Après un été passé à faire hurler leurs chansons par des dizaines de milliers de fans à Coachella, Osheaga et Pukkelpop en Belgique, le groupe torontois vient de sortir son nouvel album, déjà salué par la critique : No Hard Feelings.
La tournée les mènera au concert le plus monumental de leur parcours jusqu’à présent : leur plus grand spectacle en tête d’affiche à la Scotiabank Arena de Toronto, le 6 novembre.
Au cœur de ce tourbillon, elles franchiront une nouvelle étape dans leur carrière. The Beaches seront sacrées Femmes de l’année au Billboard Canada Women in Music 2025 — une première, puisque ce prestigieux prix phare de Billboard sera remis à un groupe entier, plutôt qu’à une seule artiste.
L’ensemble du groupe — Jordan Miller (chant, basse), Kylie Miller (guitare), Leandra Earl (guitare, claviers) et Eliza Enman-McDaniel (batterie) — recevra cet honneur lors de la cérémonie à Toronto, le 1er octobre.
« Nous sommes très honorées d’être célébrées aux côtés de tant de femmes incroyables qui ont tant apporté à l’industrie musicale », confie Kylie Miller, assise avec ses camarades à l’aéroport Pearson de Toronto, en route pour un concert à St. John’s, à Terre-Neuve. (Comme deux membres partagent le même nom de famille, nous les désignerons par leur prénom dans cet article.)
« Notre équipe est composée de femmes qui travaillent ensemble, donc chaque fois qu’on célèbre des communautés de femmes qui s’entraident, c’est un sentiment incroyable », ajoute sa sœur Jordan.
The Beaches s’appuient sur une équipe de direction majoritairement féminine menée par Laurie Lee Boutet, Gérante de l’année de Billboard Canada, ainsi qu’une équipe de contenu dirigée par Meg Moon et un groupe de co-scénaristes qui, enfin, les comprennent vraiment.
Elles ont construit une base de fans diversifiée, exactement celle qu’elles ont toujours cherché à atteindre : principalement jeunes et féminines, de plus en plus queer, mais aussi toutes celles et ceux qui peuvent se reconnaître dans les histoires de chagrin d’amour qu’elles chantent et qui résonnent universellement.
« Nous avons trouvé une nouvelle communauté de fans qui nous ressemble », explique Leandra. « Aujourd’hui, nous nous reconnaissons dans le public et eux se reconnaissent sur scène. »
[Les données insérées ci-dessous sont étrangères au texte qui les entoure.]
theorem lemma4p5:
  fixes n s :: nat and A :: "nat \<Rightarrow> nat \<Rightarrow> real" and w :: "nat set \<Rightarrow> real"
  assumes "1 \<le> s" and "s \<le> n - 1" and "w \<in> S_set n n"
  shows "Max ((\<lambda>I. supnorm_plus n s A (cvec n I w)) ` {I. I \<subseteq> {0..n} \<and> 0 \<in> I \<and> card I = n}) \<ge> 1"
proof -
  let ?\<I> = "{I. I \<subseteq> {0..n} \<and> 0 \<in> I \<and> card I = n}"
  have "1 \<le> n"
    using assms(1,2) by linarith
  obtain I r where I: "I \<subseteq> {0..n}" "0 \<in> I" "card I = n"
    and r: "r \<le> 1" "\<forall>i>1. cvec n I w i = 0" "1 \<le> \<bar>cvec n I w r\<bar>"
    using cvec_concentrated_at_0_1[OF assms(3) \<open>1 \<le> n\<close>] .
  have "finite ?\<I>"
    by (rule finite_subset[of _ "Pow {0..n}"]) auto
  have "1 \<le> \<bar>cvec n I w r\<bar>"
    using r(3) .
  also have "\<dots> \<le> supnorm_plus n s A (cvec n I w)"
    using r(1,2) assms(1) by (intro abs_le_supnorm_plus) auto
  also have "\<dots> \<le> Max ((\<lambda>I. supnorm_plus n s A (cvec n I w)) ` ?\<I>)"
    using \<open>finite ?\<I>\<close> I by (intro Max_ge) auto
  finally show ?thesis .
qed

end
lemma Phi_preserves_pointwise_lub:
  assumes tot: "Phi_total A c e e'"
    and D_W: "\<forall>d\<in>D. \<forall>\<sigma>. isW A (d \<sigma>)" and dir: "directed_rel (ple A) D"
    and s_W: "\<forall>\<sigma>. isW A (s \<sigma>)" and s: "\<And>x y. lub ((\<lambda>d. d x y) ` D) (s x y)"
  shows "lub ((\<lambda>d. the (Phi A c e e' d \<sigma>) y) ` D) (the (Phi A c e e' s \<sigma>) y)"
proof -
  let ?X = "supp A (c \<sigma>)" and ?a = "expr_sem A e \<sigma>"
    and ?b = "ptimes A (expr_sem A e' \<sigma>) (eta A \<sigma> y)"
  let ?summand = "\<lambda>d x. ptimes A (c \<sigma> x) (d x y)"
  let ?G = "?summand ` D" and ?K = "{v. \<exists>h\<in>?summand ` D. psum A h ?X v}"
  have dir_G: "directed_rel pointwise_le ?G"
    using dir by (rule directed_rel_image) (simp add: times_mono ple_imp_le)
  have "directed_rel (nle A) ((\<lambda>d. d x y) ` D)" for x
    using dir by (rule directed_rel_image) (rule ple_imp_le)
  then have lub_G: "lub ((\<lambda>h. h x) ` ?G) (?summand s x)" for x
    using lub_times_right[OF _ s] by (simp add: image_image)
  have G_psum: "\<exists>v. psum A h ?X v" if h: "h \<in> ?G" for h
  proof -
    obtain d where "d \<in> D" "h = ?summand d" using h by blast
    then show ?thesis using Phi_total_char(2)[OF tot, of d] D_W by blast
  qed
  obtain ks where ks: "psum A (?summand s) ?X ks"
    "pplus A (ptimes A ?a ks) ?b = Some (the (Phi A c e e' s \<sigma>) y)"
    using Phi_total_char(2)[OF tot s_W] by blast
  have lub_K: "lub ?K ks" using psum_directed_lub[OF dir_G lub_G G_psum ks(1)] .
  from lub_times_plus[OF psums_directed[OF dir_G G_psum] lub_K ks(2)]
  have "lub {z. \<exists>t\<in>?K. pplus A (ptimes A ?a t) ?b = Some z} (the (Phi A c e e' s \<sigma>) y)" .
  moreover have "{z. \<exists>t\<in>?K. pplus A (ptimes A ?a t) ?b = Some z}
      = (\<lambda>d. the (Phi A c e e' d \<sigma>) y) ` D"
  proof (intro set_eqI iffI)
    fix z assume "z \<in> {z. \<exists>t\<in>?K. pplus A (ptimes A ?a t) ?b = Some z}"
    then obtain d t where d: "d \<in> D" "psum A (?summand d) ?X t" "pplus A (ptimes A ?a t) ?b = Some z"
      by blast
    then obtain v where "psum A (?summand d) ?X v"
      "pplus A (ptimes A ?a v) ?b = Some (the (Phi A c e e' d \<sigma>) y)"
      using Phi_total_char(2)[OF tot, of d] D_W by blast
    with d have "z = the (Phi A c e e' d \<sigma>) y" using psum_unique by (metis option.inject)
    with d(1) show "z \<in> (\<lambda>d. the (Phi A c e e' d \<sigma>) y) ` D" by blast
  next
    fix z assume "z \<in> (\<lambda>d. the (Phi A c e e' d \<sigma>) y) ` D"
    then obtain d where "d \<in> D" "z = the (Phi A c e e' d \<sigma>) y" by blast
    then show "z \<in> {z. \<exists>t\<in>?K. pplus A (ptimes A ?a t) ?b = Some z}"
      using Phi_total_char(2)[OF tot, of d] D_W by blast
  qed
  ultimately show ?thesis by simp
qed

end

theorem lemmaA5:
  fixes A :: "'u psr"
    and c :: "'s \<Rightarrow> ('s \<Rightarrow> 'u)"
    and e e' :: "('s, 'u) expr"
  assumes "outcome_algebra A"
    and "\<forall>\<sigma>. isW A (c \<sigma>)"
    and "Phi_total A c e e'"
  shows "scott_continuous_on (\<lambda>f. \<forall>\<sigma>. isW A (f \<sigma>)) (ple A)
           (\<lambda>f \<sigma>. the (Phi A c e e' f \<sigma>))"
proof -
  interpret continuous_psr A
    using assms(1) unfolding outcome_algebra_def by unfold_locales auto
  show ?thesis
    unfolding scott_continuous_on_def
  proof (intro allI impI, elim conjE)
    fix D :: "('s \<Rightarrow> 's \<Rightarrow> 'u) set" and s :: "'s \<Rightarrow> 's \<Rightarrow> 'u"
    assume D_W: "\<forall>d\<in>D. \<forall>\<sigma>. isW A (d \<sigma>)" and dir: "directed_rel (ple A) D"
      and s: "is_lub_in (\<lambda>f. \<forall>\<sigma>. isW A (f \<sigma>)) (ple A) D s"
    have s_W: "\<forall>\<sigma>. isW A (s \<sigma>)" using is_lub_inD(1)[OF s] .
    show "is_lub_in (\<lambda>f. \<forall>\<sigma>. isW A (f \<sigma>)) (ple A)
        ((\<lambda>f \<sigma>. the (Phi A c e e' f \<sigma>)) ` D) (\<lambda>\<sigma>. the (Phi A c e e' s \<sigma>))"
    proof (rule pointwise_lub_imp_ple_lub)
      show "\<forall>\<sigma>. isW A (the (Phi A c e e' s \<sigma>))"
        using Phi_total_char(1)[OF assms(3) s_W] by blast
      show "lub ((\<lambda>f. f \<sigma> y) ` (\<lambda>f \<sigma>. the (Phi A c e e' f \<sigma>)) ` D) (the (Phi A c e e' s \<sigma>) y)"
        for \<sigma> y
        using Phi_preserves_pointwise_lub[OF assms(3) D_W dir s_W ple_lub_imp_pointwise_lub[OF dir s]]
        by (simp add: image_image)
    qed
  qed
qed

end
The Beaches, photographiées à Toronto en 2025 par Lane Dorsey. The Beaches photographed by Lane Dorsey in Toronto in 2025.
Pour beaucoup de leurs nouveaux fans, tout a commencé avec « Blame Brett ». Ce titre, sorti en 2023, a marqué une véritable percée : des millions d’écoutes sur Spotify et TikTok, leur première entrée au classement Billboard américain, et l’opportunité de se produire dans des salles de plus en plus prestigieuses, tout en grimpant au sommet des programmations des festivals.
Pour The Beaches, cependant, l’aventure avait commencé bien plus tôt.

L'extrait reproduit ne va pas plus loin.